Major fuel infrastructure on the cards despite delays to SA’s 20-year road map

Sunrise Energy is building a LPG import and storage terminal in a quarry near to the Port of Saldanha
Progress in the drafting of a 20-Year Liquid Fuels Infrastructure Road Map has been sluggish, but the country still appears to be on the cusp of a revival in investment into its liquids fuel infrastructure, with a number of storage and logistics projects beginning to take shape.
The process was arguably kicked off a few years ago, when Transnet pulled the trigger on the 555 km New Multi Product Pipeline (NMPP) from Durban to Johannesburg, which has been criticised for major cost and schedule overruns.
The NMPP’s price tag surged from the original 2006 estimate of R9.5-billion to R23.4-billion and the delivery schedule was delayed from an initial completion date of December 2011, to December 2013. The National Energy Regulator of South Africa (Nersa) is currently investigating the cost surge.
But besides the pipeline, there are a number of other infrastructure components that are also required to secure supply and deal with the rising fuel imports, owing to the fact that there has been no increase in domestic refining capacity over the past few decades.
Inland demand has also increased from around 6.7-billion litres in 1970 to over 16-billion this year, which has placed strain on other common and proprietary infrastructure, such as fuel loading facilities, storage tanks and handling facilities.
Department of Energy director-general Nelisiwe Magubane says a road map is required to provide a framework for ensuring security of supply in the short-, medium- and long-term.
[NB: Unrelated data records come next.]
lemma setM_iff:
  "Y \<in> setM n l \<longleftrightarrow> (\<exists>a c. det (khatri_rao n (l*n) a c) \<noteq> 0
       \<and> block_row n l Y * khatri_rao n (l*n) a c = col_scaled n (l*n) a (c l))"
proof -
  have kernel: "(\<forall>j<l*n. \<forall>i<n.
        (\<Sum>r<n. ((\<Sum>k<l. c k j * Y k i r) - c l j * (if i = r then 1 else 0)) * a r j) = 0)
      \<longleftrightarrow> block_row n l Y * khatri_rao n (l*n) a c = col_scaled n (l*n) a (c l)" for a c
    by (subst mat_eq_entrywise[OF mult_carrier_mat[OF block_row_carrier khatri_rao_carrier]
          col_scaled_carrier]) (auto simp: kernel_sum_eq)
  show ?thesis
    unfolding setM_def mem_Collect_eq kernel by (unfold khatri_rao_def) blast
qed

lemma tensor_rank_le_iff_setM:
  "tensor_rank_le n (l*n) (Suc l) (XY n l Y) (l*n) \<longleftrightarrow> Y \<in> setM n l"
proof
  assume "tensor_rank_le n (l*n) (Suc l) (XY n l Y) (l*n)"
  then obtain x y z where dec:
    "\<forall>i<n. \<forall>j<l*n. \<forall>k<Suc l. XY n l Y i j k = (\<Sum>s<l*n. x s i * y s j * z s k)"
    unfolding tensor_rank_le_def by blast
  define a where "a = (\<lambda>i s. x s i)"
  define c where "c = (\<lambda>k s. z s k)"
  define V where "V = mat (l*n) (l*n) (\<lambda>(s, j). y s j)"
  have V: "V \<in> carrier_mat (l*n) (l*n)" by (simp add: V_def)
  have BV: "khatri_rao n (l*n) a c * V = 1\<^sub>m (l*n)"
    and last: "block_row n l Y = col_scaled n (l*n) a (c l) * V"
    using dec decomposition_iff[OF V, of Y a c] by (simp_all add: a_def c_def V_def)
  have "det (khatri_rao n (l*n) a c) \<noteq> 0"
    using det_mult[OF khatri_rao_carrier[of n _ a c] V] BV by auto
  moreover have "block_row n l Y * khatri_rao n (l*n) a c = col_scaled n (l*n) a (c l)"
    using mult_right_inverse_iff[OF khatri_rao_carrier V BV block_row_carrier col_scaled_carrier] last
    by blast
  ultimately show "Y \<in> setM n l"
    unfolding setM_iff by blast
next
  assume "Y \<in> setM n l"
  then obtain a c where det: "det (khatri_rao n (l*n) a c) \<noteq> 0"
    and kernel: "block_row n l Y * khatri_rao n (l*n) a c = col_scaled n (l*n) a (c l)"
    unfolding setM_iff by blast
  obtain V where V: "V \<in> carrier_mat (l*n) (l*n)" and BV: "khatri_rao n (l*n) a c * V = 1\<^sub>m (l*n)"
    using det_non_zero_imp_unit[OF khatri_rao_carrier det, of "()"]
    unfolding Units_def ring_mat_simps by auto
  have "block_row n l Y = col_scaled n (l*n) a (c l) * V"
    using mult_right_inverse_iff[OF khatri_rao_carrier V BV block_row_carrier col_scaled_carrier] kernel
    by simp
  with BV have "\<forall>i<n. \<forall>j<l*n. \<forall>k<Suc l. XY n l Y i j k = (\<Sum>s<l*n. a i s * V $$ (s, j) * c k s)"
    using decomposition_iff[OF V] by blast
  then show "tensor_rank_le n (l*n) (Suc l) (XY n l Y) (l*n)"
    unfolding tensor_rank_le_def by (intro exI[of _ "\<lambda>s i. a i s"] exI[of _ "\<lambda>s j. V $$ (s, j)"]
        exI[of _ "\<lambda>s k. c k s"]) simp
qed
She also says that such a road map will assist in determining the capabilities and capacity for local refining, storage, handling and logistics.
Work on the road map, which has been delayed by a refinery audit and constrained by inadequate data, should be finalised during the current fiscal year, which ends on March 31, 2014.
However, some projects are already moving ahead in response to some of the more obvious bottlenecks in the liquid-fuels supply chain.
For instance, independent tank storage provider Vopak, of the Netherlands, is poised to move ahead with a greenfield development near the NMPP’s Jameson Park Terminal 2, for supply and distribution into the fuel-hungry Gauteng region.
Vopak South Africa MD Erik Kleine says a 140 000 m3 facility is proposed for Phase One, comprising 12 10 000 m3 tanks and four 5 000 m3 tanks to handle diesel and petrol. There is also sufficient land available to increase the facility to 160 000 m3 during a subsequent phase.
The terminal, known as Lesedi, will include a loading gantry with capacity to load 10 trucks simultaneously, as well as rail tank cars.
The land is in the process of being purchased and the project has secured Nersa approval. An environmental record of decision is expected during the first quarter of 2014, after which construction will start. The facility should be operational by the second quarter of 2016.
In the Eastern Cape, meanwhile, a venture known as Oiltanking Grindrod Calulo is looking to develop a regional product trading hub and strategic stock storage facility at the Coega industrial development zone.
Calulo Investments’ William Kieser says the facility will cater for the needs of existing oil companies in the territory and facilitate the relocation of the existing tanks in Port Elizabeth to the Port of Ngqura.
The terminal, which will be developed in two phases, will have an ultimate capacity of 322 000 m3 and will be able to handle liquid fuels, biodiesel, liquefied petroleum gas (LPG) and heavy fuel oil.
The developers expect to receive environmental approvals for the project before the end of 2013 and to start construction by the second quarter of 2015. Testing and commissioning is scheduled for early 2017.
At a more advanced stage, is Sunrise Energy’s R1.3-billion LPG import and storage terminal, which is being developed at Saldanha Bay, in the Western Cape.
MD Barthlo Harmse says all regulatory approvals have been secured for the facility, which will be built within the bounds of an existing quarry near to the Port of Saldanha.
The first phase will comprise 5 500 t of storage, which will be provided through five mounded storage bullets. However, two further phases are envisaged to eventually raise the facility’s capacity to 16 500 t of storage, with total throughput capacity of up to 52 000 t/m.
It will be an open-access terminal, meaning that third parties will be able to use the facility for the importation and storage of LPG, and provision is being made of rail and road dispatch and direct cylinder filling. The planned commissioning period for first phase is the second half of 2015.
Nersa’s Dr Rod Crompton says the “good news” is that South Africa is undergoing a boom in the construction of fuels infrastructure, the likes of which it has not witnessed for 40 years. “The trick is how to do it cheaper, faster and smarter so as to reduce the costs for the economy as a whole,” he adds.
Magubane has called for greater cooperation and information sharing to improve visibility of the challenges and the solutions, which range from investment in new infrastructure and refining to the integration of biofuels and reducing demand through efficiency interventions.
The key issue, she adds, is security of liquid-fuels supply, with studies showing that any unavailability will cost the economy an estimated R925-million a day, using 2005 figures.